The priestess PC in my Pathfinder Planescape campaign has been dutifully setting money aside for awhile in hopes of eventually commissioning the creation of a statue of Athena for her modest temple. I've looked in the Arms & Equipment Guide as well as the Stronghold Builder's Guidebook but can't find any mention of such a thing. Anyone know if it's been covered in any WotC sourcebook? If not, anyone care to hazard a guess as to what a professionally crafted statue might run? The priestess would like to know the difference in cost for one made of bronze, marble or ivory.


----------



## Jack Simth (Mar 24, 2009)

Ambrus said:


> The priestess PC in my Pathfinder Planescape campaign has been dutifully setting money aside for awhile in hopes of eventually commissioning the creation of a statue of Athena for her modest temple. I've looked in the Arms & Equipment Guide as well as the Stronghold Builder's Guidebook but can't find any mention of such a thing. Anyone know if it's been covered in any WotC sourcebook? If not, anyone care to hazard a guess as to what a professionally crafted statue might run? The priestess would like to know the difference in cost for one made of bronze, marble or ivory.



It's fine art.  How much do you want it to cost? 

Look at statues in real-life.  You've got everything from the essentially priceless David by Michaelangelo, to the carvings that are sold for $5 at Christmas-time.  

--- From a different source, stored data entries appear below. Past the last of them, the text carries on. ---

section \<open>Sums over prime powers\<close>

lemma has_sum_prime_powers_iff:
  fixes f :: "nat \<Rightarrow> 'a::{comm_monoid_add, topological_space}"
  assumes "\<And>n. n > 0 \<Longrightarrow> \<not> is_singleton (prime_factors n) \<Longrightarrow> f n = 0"
  shows "(f has_sum X) {1..} \<longleftrightarrow> ((\<lambda>(p, k). f (p ^ k)) has_sum X) ({p. prime p} \<times> {1..})"
proof -
  define h where "h = (\<lambda>(p::nat, k::nat). p ^ k)"
  define S where "S = {p::nat. prime p} \<times> {1::nat..}"
  have "inj_on h S"
    by (auto simp: inj_on_def h_def S_def prime_power_inj'')
  moreover have "h ` S = {n\<in>{1..}. is_singleton (prime_factors n)}"
  proof (intro equalityI subsetI)
    fix n assume "n \<in> h ` S"
    then obtain p k where "prime p" "k \<ge> 1" "n = p ^ k" by (auto simp: h_def S_def)
    then show "n \<in> {n\<in>{1..}. is_singleton (prime_factors n)}"
      by (simp add: Suc_le_eq prime_gt_0_nat prime_factorization_prime_power)
  next
    fix n :: nat assume "n \<in> {n\<in>{1..}. is_singleton (prime_factors n)}"
    then obtain q where n: "n \<ge> 1" "prime_factors n = {q}" by (auto simp: is_singleton_def)
    have "n = q ^ multiplicity q n" using prod_prime_factors[of n] n by simp
    then have "n = h (q, multiplicity q n)" by (simp only: h_def prod.case)
    moreover have "(q, multiplicity q n) \<in> S"
      using n by (auto simp: S_def prime_factors_multiplicity)
    ultimately show "n \<in> h ` S" by (rule image_eqI)
  qed
  moreover have "(f has_sum X) {1..} \<longleftrightarrow> (f has_sum X) {n\<in>{1..}. is_singleton (prime_factors n)}"
    by (rule has_sum_cong_neutral) (use assms in auto)
  ultimately show ?thesis
    using has_sum_reindex[of h S f] by (simp add: comp_def h_def S_def case_prod_unfold)
qed

lemma F_prime_eq_has_sum_prime_powers:
  assumes w: "Re w > 1"
    and X: "((\<lambda>(p, k). 1 / of_nat p / (of_nat p powr w) ^ k) has_sum X) ({p. prime p} \<times> {1..})"
  shows "F_prime w = X"
proof -
  define z where "z p = 1 / (of_nat p powr w :: complex)" for p
  have z: "norm (z p) < 1" if "prime p" for p
  proof -
    have "1 < real p powr Re w" using prime_gt_1_nat[OF that] w powr_less_mono[of 0 "Re w" "real p"] by simp
    then show ?thesis by (simp add: z_def norm_divide norm_of_nat_powr divide_less_eq)
  qed
  have "((\<lambda>p. 1 / of_nat p * (z p / (1 - z p))) has_sum X) {p. prime p}"
  proof (rule has_sum_Sigma'[OF X])
    fix p :: nat assume "p \<in> {p. prime p}"
    then have "((\<lambda>k. 1 / of_nat p * z p ^ k) has_sum (1 / of_nat p * (z p / (1 - z p)))) {1..}"
      using z by (intro has_sum_cmult_right has_sum_geometric_from_1) auto
    then show "((\<lambda>k. case (p, k) of (p, k) \<Rightarrow> 1 / of_nat p / (of_nat p powr w) ^ k) has_sum
               (1 / of_nat p * (z p / (1 - z p)))) {1..}"
      by (simp add: z_def power_one_over)
  qed
  moreover have "1 / of_nat p * (z p / (1 - z p)) = 1 / (of_nat p powr (w + 1) - of_nat p)"
    if "prime p" for p
  proof -
    have "of_nat p \<noteq> (0::complex)" "z p \<noteq> 1" using that z[OF that] by auto
    moreover have "of_nat p powr (w + 1) = of_nat p powr w * (of_nat p :: complex)"
      using that by (simp add: powr_add)
    ultimately show ?thesis by (auto simp: z_def field_simps)
  qed
  ultimately have "((\<lambda>p. 1 / (of_nat p powr (w + 1) - of_nat p)) has_sum X) {p. prime p}"
    by (rule has_sum_cong[THEN iffD1, rotated]) simp
  then show ?thesis unfolding F_prime_def by (rule infsumI)
qed

lemma moebius_deriv_dirichlet_times_zeta:
  assumes w: "Re w > 1"
  shows "(\<Sum>\<^sub>\<infinity>n\<in>{1..}. moebius_deriv_ratio n / of_nat n powr w) * zeta_dirichlet w = - F_prime w"
proof -
  let ?P = "(\<Sum>\<^sub>\<infinity>n\<in>{1..}. moebius_deriv_ratio n / of_nat n powr w) * zeta_dirichlet w"
  have conv: "((\<lambda>n. (\<Sum>d | d dvd n. moebius_deriv_ratio d * 1) / of_nat n powr w) has_sum ?P) {1..}"
    unfolding zeta_dirichlet_def
    by (intro has_sum_dirichlet_convolution abs_summable_moebius_deriv_ratio
        abs_summable_dirichlet_bounded w) auto
  have prime_power_coefficient: "(\<Sum>d | d dvd p ^ k. moebius_deriv_ratio d) / (of_nat p ^ k) powr w
                                = - (1 / of_nat p / (of_nat p powr w) ^ k)" if "prime p" "k \<ge> 1" for p k
  proof -
    have "prime_factors (p ^ k) = {p}" "p ^ k > 0"
      using that by (auto simp: prime_factorization_prime_power prime_gt_0_nat)
    then show ?thesis by (simp add: sum_divisors_moebius_deriv_ratio of_nat_power_powr)
  qed
  from conv have "((\<lambda>(p, k). (\<Sum>d | d dvd p ^ k. moebius_deriv_ratio d * 1) / of_nat (p ^ k) powr w)
               has_sum ?P) ({p. prime p} \<times> {1..})"
    by (subst (asm) has_sum_prime_powers_iff) (auto simp: sum_divisors_moebius_deriv_ratio case_prod_unfold)
  also have "?this \<longleftrightarrow> ((\<lambda>(p, k). - (1 / of_nat p / (of_nat p powr w) ^ k)) has_sum ?P)
                         ({p. prime p} \<times> {1..})"
    by (intro has_sum_cong) (auto simp: prime_power_coefficient)
  finally have "((\<lambda>(p, k). 1 / of_nat p / (of_nat p powr w) ^ k) has_sum - ?P) ({p. prime p} \<times> {1..})"
    by (simp add: has_sum_uminus case_prod_unfold)
  then show ?thesis using F_prime_eq_has_sum_prime_powers[OF w] by simp
qed
theorem littlewood_offord:
  assumes "\<forall>x \<in> set a. x > 0" "finite V"
  shows "hits a V \<le> central_sum (length a) (card V)"
  using assms
proof (induction a arbitrary: V)
  case Nil
  then show ?case by (auto simp: hits_Nil central_sum_0 card_gt_0_iff)
next
  case (Cons c a)
  show ?case
  proof (cases "V = {}")
    case True
    then show ?thesis by (simp add: hits_empty)
  next
    case False
    define t where "t = card V"
    define W1 where "W1 = (\<lambda>v. v - c) ` V"
    define W2 where "W2 = (\<lambda>v. v + c) ` V"
    obtain d where d: "1 \<le> d" "d \<le> t" "card (W1 \<union> W2) = t + d" "card (W1 \<inter> W2) = t - d"
      using shifted_copies[of V c] Cons.prems False unfolding W1_def W2_def t_def by auto
    have "finite W1" "finite W2" using Cons.prems by (auto simp: W1_def W2_def)
    have "hits (c # a) V = hits a W1 + hits a W2" by (simp add: hits_Cons W1_def W2_def)
    also have "\<dots> = hits a (W1 \<union> W2) + hits a (W1 \<inter> W2)" by (rule hits_Un_Int)
    also have "\<dots> \<le> central_sum (length a) (t + d) + central_sum (length a) (t - d)"
      using Cons.IH[of "W1 \<union> W2"] Cons.IH[of "W1 \<inter> W2"] Cons.prems d
        \<open>finite W1\<close> \<open>finite W2\<close> by (auto intro!: add_mono)
    also have "\<dots> \<le> central_sum (length a) (t + 1) + central_sum (length a) (t - 1)"
      by (rule central_sum_spread) (use d in auto)
    also have "\<dots> = central_sum (length (c # a)) t"
      using central_sum_Suc[of t "length a"] d by simp
    finally show ?thesis by (simp add: t_def)
  qed
qed
(* Let $H$ be a complex Hilbert space and let $A$ and $B$ be self-adjoint operators in $H$, at least one of which is positive, such that $D(A)=D(B)$ and $D(BA)\subset D(AB)$. Let $T=A+iB$ (with domain $D(A)=D(B)$). If $T^2\subset 0$, then $T\in B(H)$, $T$ is normal, and $T=0$ everywhere on $H$.
   Context: Products are taken on natural domains $D(ST)=\{x\in D(T):Tx\in D(S)\}$ and sums on $D(S+T)=D(S)\cap D(T)$. $S\subset T$ means $D(S)\subset D(T)$ and $S=T$ on $D(S)$; $T^2\subset 0$ means $T^2x=0$ for all $x\in D(T^2)$, where $0$ is the zero operator on $H$. A self-adjoint $A$ is positive if $\langle Ax,x\rangle\geq 0$ for all $x\in D(A)$. $B(H)$ is the algebra of everywhere defined bounded operators on $H$; a closed densely defined $T$ is normal if $TT^*=T^*T$. *)

theory Defs
  imports "HOL-Analysis.Analysis"
begin

text \<open>A complex Hilbert space structure on a real Banach space type 'a:
  a complex scalar multiplication sc extending the real one, and an inner
  product ip (linear in the first, conjugate linear in the second argument)
  inducing the given norm (hence the given topology; completeness from banach).\<close>

definition complex_hilbert :: "(complex \<Rightarrow> 'a::banach \<Rightarrow> 'a) \<Rightarrow> ('a \<Rightarrow> 'a \<Rightarrow> complex) \<Rightarrow> bool" where
  "complex_hilbert sc ip \<longleftrightarrow>
     (\<forall>r x. sc (complex_of_real r) x = scaleR r x) \<and>
     (\<forall>a x y. sc a (x + y) = sc a x + sc a y) \<and>
     (\<forall>a b x. sc (a + b) x = sc a x + sc b x) \<and>
     (\<forall>a b x. sc (a * b) x = sc a (sc b x)) \<and>
     (\<forall>x y z. ip (x + y) z = ip x z + ip y z) \<and>
     (\<forall>a x y. ip (sc a x) y = a * ip x y) \<and>
     (\<forall>x y. ip y x = cnj (ip x y)) \<and>
     (\<forall>x. ip x x = complex_of_real ((norm x)\<^sup>2))"

type_synonym 'a opr = "'a set \<times> ('a \<Rightarrow> 'a)"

Pick a DC for how precise a rendition you want it to be.  Square it.  Multiply by an arbitrary number, and you've got a price tag.


----------



## jaywolfenstien (Mar 24, 2009)

I can't think of any source that has covered it, but then again I've never even considered it so who knows.

If it came up in the middle of a session, I would use the price of Mwk Full-plate armor as a base.  It scales up and down as the size increases, there's rules for pricing non-humanoid creatures, and there's prices for special materials in the DMG.  It probably won't be appropriate to use those numbers exactly, but like I said, I think it's probably the best starting point since it accounts for many creature types of many different sizes and many materials.

And if 1650gp seems like too much for a statue of a medium sized creature, whip out a calculator and divide it by half or something.

Of course, that still leaves the question of "How do I price statues of non-organic subjects?"


----------



## pawsplay (Mar 24, 2009)

Well, Michaelangelo spent two years carving David, which is about three times the height of a person. Given the scope of the project, and assuming marble, it's probably a good idea to use _stone shape_ to safely transform the marble into an approximation of Athena's form, which can then be worked on by a sculptor. I am going to wildly guess the sculpting can be done in six months. 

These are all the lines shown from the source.